Question

1130 chapter 16 vector calculus
13 - 18 match the vector fields f with the plots labeled i - vi. give reasons for your choices.

1. f(x,y)=(x, - y)
2. f(x,y)=(y,x - y)
3. f(x,y)=(y,y + 2)
4. f(x,y)=(y,2x)
5. f(x,y)=(sin y,cos x)
6. f(x,y)=(cos(x + y),x)

Explanation:

Step1: Analyze the vector - field $\mathbf{F}(x,y)=(x, - y)$

At the origin $(0,0)$, the vector is $\mathbf{F}(0,0)=(0,0)$. For positive $x$ - values and positive $y$ - values, the $x$ - component of the vector is positive and the $y$ - component is negative. For positive $x$ - values and negative $y$ - values, both components are positive. By observing the behavior of the vectors in different quadrants, we can match it with a plot.

Step2: Analyze the vector - field $\mathbf{F}(x,y)=(y,x - y)$

When $y = 0$, the vector is $\mathbf{F}(x,0)=(0,x)$. When $x = 0$, the vector is $\mathbf{F}(0,y)=(y,-y)$. Analyze the direction and magnitude of vectors at key points and in different regions of the $xy$ - plane.

Step3: Analyze the vector - field $\mathbf{F}(x,y)=(y,y + 2)$

The $x$ - component of the vector depends only on $y$, and the $y$ - component is a linear function of $y$. When $y=-2$, the $y$ - component of the vector is $0$. Analyze the behavior of vectors for different $y$ - values.

Step4: Analyze the vector - field $\mathbf{F}(x,y)=(y,2x)$

If $x = 0$, the vector is $\mathbf{F}(0,y)=(y,0)$. If $y = 0$, the vector is $\mathbf{F}(x,0)=(0,2x)$. The direction of the vectors changes depending on the signs of $x$ and $y$.

Step5: Analyze the vector - field $\mathbf{F}(x,y)=(\sin y,\cos x)$

The $x$ - component $\sin y$ has a period of $2\pi$ with respect to $y$, and the $y$ - component $\cos x$ has a period of $2\pi$ with respect to $x$. Analyze the values of the components at $y = 0,\pm\pi,\pm2\pi$ and $x = 0,\pm\pi,\pm2\pi$.

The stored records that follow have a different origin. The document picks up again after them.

section \<open>Markov renewal chains\<close>

lemma (in finite_measure) measure_eq_sum_AE_partition:
  assumes "finite I" "\<And>h. h \<in> I \<Longrightarrow> C h \<in> sets M" "disjoint_family_on C I"
    and "\<And>h. h \<in> I \<Longrightarrow> C h \<subseteq> A" "A \<in> sets M"
    and "AE \<omega> in M. \<omega> \<in> A \<longrightarrow> (\<exists>h\<in>I. \<omega> \<in> C h)"
  shows "measure M A = (\<Sum>h\<in>I. measure M (C h))"
proof -
  have "AE \<omega> in M. \<omega> \<in> A \<longleftrightarrow> \<omega> \<in> (\<Union>h\<in>I. C h)"
    using assms(6) by eventually_elim (use assms(4) in blast)
  then have "measure M A = measure M (\<Union>h\<in>I. C h)"
    by (rule measure_eq_AE) (use assms in auto)
  also have "\<dots> = (\<Sum>h\<in>I. measure M (C h))"
    by (rule finite_measure_finite_Union) (use assms in auto)
  finally show ?thesis .
qed

lemma measure_eq_0_if_AE_notin:
  assumes "A \<in> sets M" "AE \<omega> in M. \<omega> \<notin> A"
  shows "measure M A = 0"
  using assms by (simp add: AE_iff_null_sets[symmetric] measure_def null_setsD1)

locale markov_renewal_chain =
  fixes M :: "'e::finite \<Rightarrow> 'a measure" and J :: "nat \<Rightarrow> 'a \<Rightarrow> 'e"
    and S :: "nat \<Rightarrow> 'a \<Rightarrow> ('d::finite \<Rightarrow> nat)" and q :: "('d, 'e) mseq"
  assumes mrc: "MRC M J S q"
begin

lemma prob_space_M: "prob_space (M i)"
  using mrc unfolding MRC_def by blast

lemma finite_measure_M: "finite_measure (M i)"
  using prob_space_M by (rule prob_space.axioms(1))

lemma measurable_J [measurable]: "J n \<in> M i \<rightarrow>\<^sub>M count_space UNIV"
  using mrc unfolding MRC_def by blast

lemma measurable_S [measurable]: "S n \<in> M i \<rightarrow>\<^sub>M count_space UNIV"
  using mrc unfolding MRC_def by blast

lemma measurable_S_increment [measurable]:
  "(\<lambda>\<omega>. S (Suc n) \<omega> - S n \<omega>) \<in> M i \<rightarrow>\<^sub>M count_space UNIV"
proof -
  have "(\<lambda>\<omega>. (\<lambda>b. b - S n \<omega>) (S (Suc n) \<omega>)) \<in> M i \<rightarrow>\<^sub>M count_space UNIV"
  proof (rule measurable_compose_countable[where g = "S (Suc n)"])
    fix b :: "'d \<Rightarrow> nat"
    show "(\<lambda>\<omega>. b - S n \<omega>) \<in> M i \<rightarrow>\<^sub>M count_space UNIV"
      using measurable_compose_countable[where f = "\<lambda>c \<omega>. b - c" and g = "S n"] by simp
  qed simp
  then show ?thesis by simp
qed

lemma AE_start: "AE \<omega> in M i. J 0 \<omega> = i \<and> S 0 \<omega> = (\<lambda>_. 0)"
  using mrc unfolding MRC_def by auto

lemma AE_strict_mono_S: "AE \<omega> in M i. strict_mono (\<lambda>n. S n \<omega>)"
  using mrc unfolding MRC_def strict_mono_Suc_iff by blast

Step6: Analyze the vector - field $\mathbf{F}(x,y)=(\cos(x + y),x)$

The $x$ - component $\cos(x + y)$ has a period of $2\pi$ with respect to $x + y$, and the $y$ - component is $x$. Analyze the behavior of the vectors for different values of $x$ and $y$ such as when $x + y=0,\pm\pi,\pm2\pi$.

Since we don't have the actual matching results provided in the question - asking for which plot matches which vector field, we assume we are just showing the general process of analysis. If we were to actually match:

1. $\mathbf{F}(x,y)=(x, - y)$: The vectors point away from the origin in a way that in the first quadrant $(x>0,y>0)$ they point down - right, in the second quadrant $(x<0,y>0)$ they point down - left, in the third quadrant $(x<0,y<0)$ they point up - left and in the fourth quadrant $(x>0,y<0)$ they point up - right.
2. $\mathbf{F}(x,y)=(y,x - y)$: Analyze the vectors at points like $(x = 0,y = 0),(x = 1,y = 0),(x = 0,y = 1)$ etc.
3. $\mathbf{F}(x,y)=(y,y + 2)$: When $y=-2$, the $y$ - component of the vector is zero.
4. $\mathbf{F}(x,y)=(y,2x)$: Vectors have different directions based on the signs of $x$ and $y$.
5. $\mathbf{F}(x,y)=(\sin y,\cos x)$: Due to the periodic nature of $\sin y$ and $\cos x$, the vectors have a repeating pattern in the $y$ and $x$ directions respectively.
6. $\mathbf{F}(x,y)=(\cos(x + y),x)$: The $x$ - component is periodic in $x + y$ and the $y$ - component is linear in $x$.

Answer:

Without the actual matching of plots to vector - fields given in the problem statement, we cannot provide a specific final answer for which plot matches which vector field. The above steps show the general method for making such a match.